*** Data records Section Begins ***
lemma group_Lambda: "group (Lambda o')"
proof (rule groupI)
  fix x y assume "x \<in> carrier (Lambda o')" "y \<in> carrier (Lambda o')"
  then show "x \<otimes>\<^bsub>Lambda o'\<^esub> y \<in> carrier (Lambda o')"
    by (auto simp: carrier_Lambda mult_Lambda_loops append_loops)
next
  show "\<one>\<^bsub>Lambda o'\<^esub> \<in> carrier (Lambda o')"
    by (simp add: one_Lambda carrier_Lambda iota_loops)
next
  fix x y z assume "x \<in> carrier (Lambda o')" "y \<in> carrier (Lambda o')" "z \<in> carrier (Lambda o')"
  then show "x \<otimes>\<^bsub>Lambda o'\<^esub> y \<otimes>\<^bsub>Lambda o'\<^esub> z = x \<otimes>\<^bsub>Lambda o'\<^esub> (y \<otimes>\<^bsub>Lambda o'\<^esub> z)"
    by (auto simp: carrier_Lambda mult_Lambda_loops append_loops)
next
  fix x assume "x \<in> carrier (Lambda o')"
  then obtain p where p: "p \<in> loops o'" "x = wclass p"
    by (auto simp: carrier_Lambda)
  have "wclass ([iota o'] @ p) = wclass p"
    using weq_iota_left[of p] p by (simp add: loops_iff wclass_eq_iff)
  then show "\<one>\<^bsub>Lambda o'\<^esub> \<otimes>\<^bsub>Lambda o'\<^esub> x = x"
    using p by (simp add: one_Lambda mult_Lambda_loops iota_loops)
  have "wclass (opp_path p @ p) = wclass [iota o']"
    using weq_opp_path_append[of p] p by (simp add: loops_iff wclass_eq_iff)
  then have "wclass (opp_path p) \<otimes>\<^bsub>Lambda o'\<^esub> x = \<one>\<^bsub>Lambda o'\<^esub>"
    using p by (simp add: one_Lambda mult_Lambda_loops opp_path_loops)
  moreover have "wclass (opp_path p) \<in> carrier (Lambda o')"
    using p by (simp add: carrier_Lambda opp_path_loops)
  ultimately show "\<exists>y\<in>carrier (Lambda o'). y \<otimes>\<^bsub>Lambda o'\<^esub> x = \<one>\<^bsub>Lambda o'\<^esub>"
    by blast
qed

lemma inv_Lambda:
  assumes "p \<in> loops o'"
  shows "inv\<^bsub>Lambda o'\<^esub> (wclass p) = wclass (opp_path p)"
proof (rule group.inv_equality[OF group_Lambda])
  have "wclass (opp_path p @ p) = wclass [iota o']"
    using weq_opp_path_append[of p] assms by (simp add: loops_iff wclass_eq_iff)
  then show "wclass (opp_path p) \<otimes>\<^bsub>Lambda o'\<^esub> wclass p = \<one>\<^bsub>Lambda o'\<^esub>"
    using assms by (simp add: one_Lambda mult_Lambda_loops opp_path_loops)
qed (use assms in \<open>simp_all add: carrier_Lambda opp_path_loops\<close>)

definition lloops :: "'k::order \<Rightarrow> 'k simp1 list set" where
  "lloops o' = {p \<in> loops o'. \<forall>b\<in>set p. supp b \<le> o'}"

lemma lloops_imp_loops: "p \<in> lloops o' \<Longrightarrow> p \<in> loops o'"
  by (simp add: lloops_def)

lemma append_lloops: "p \<in> lloops o' \<Longrightarrow> q \<in> lloops o' \<Longrightarrow> p @ q \<in> lloops o'"
  by (auto simp: lloops_def append_loops)

lemma opp_path_lloops: "p \<in> lloops o' \<Longrightarrow> opp_path p \<in> lloops o'"
  by (auto simp: lloops_def opp_path_loops)

lemma iota_lloops: "[iota o'] \<in> lloops o'"
  by (simp add: lloops_def iota_loops)

lemma carrier_LambdaL: "carrier (LambdaL o') = wclass ` lloops o'"
proof
  show "carrier (LambdaL o') \<subseteq> wclass ` lloops o'"
  proof
    fix A assume "A \<in> carrier (LambdaL o')"
    then obtain p0 p where p0: "p0 \<in> loops o'" "A = wclass p0"
      and p: "weq p0 p" "\<forall>b\<in>set p. supp b \<le> o'"
      by (auto simp: LambdaL_def carrier_Lambda mem_wclass)
    have "p \<in> lloops o'"
      using weq_imp_path[OF p(1)] p0 p(2) by (auto simp: loops_iff lloops_def)
    then show "A \<in> wclass ` lloops o'"
      using p0(2) wclass_eqI[OF p(1)] by blast
  qed
  show "wclass ` lloops o' \<subseteq> carrier (LambdaL o')"
    by (auto simp: LambdaL_def carrier_Lambda lloops_def mem_wclass)
qed

lemma carrier_LambdaL_subset: "carrier (LambdaL o') \<subseteq> carrier (Lambda o')"
  by (simp add: LambdaL_def)

lemma mult_LambdaL [simp]: "x \<otimes>\<^bsub>LambdaL o'\<^esub> y = x \<otimes>\<^bsub>Lambda o'\<^esub> y"
  by (simp add: LambdaL_def)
*** Data records Section Ends ***
The answer must consist of every line from the entries above that contains the string "where".

  then obtain p where p: "p \<in> loops o'" "x = wclass p"
definition lloops :: "'k::order \<Rightarrow> 'k simp1 list set" where
    then obtain p0 p where p0: "p0 \<in> loops o'" "A = wclass p0"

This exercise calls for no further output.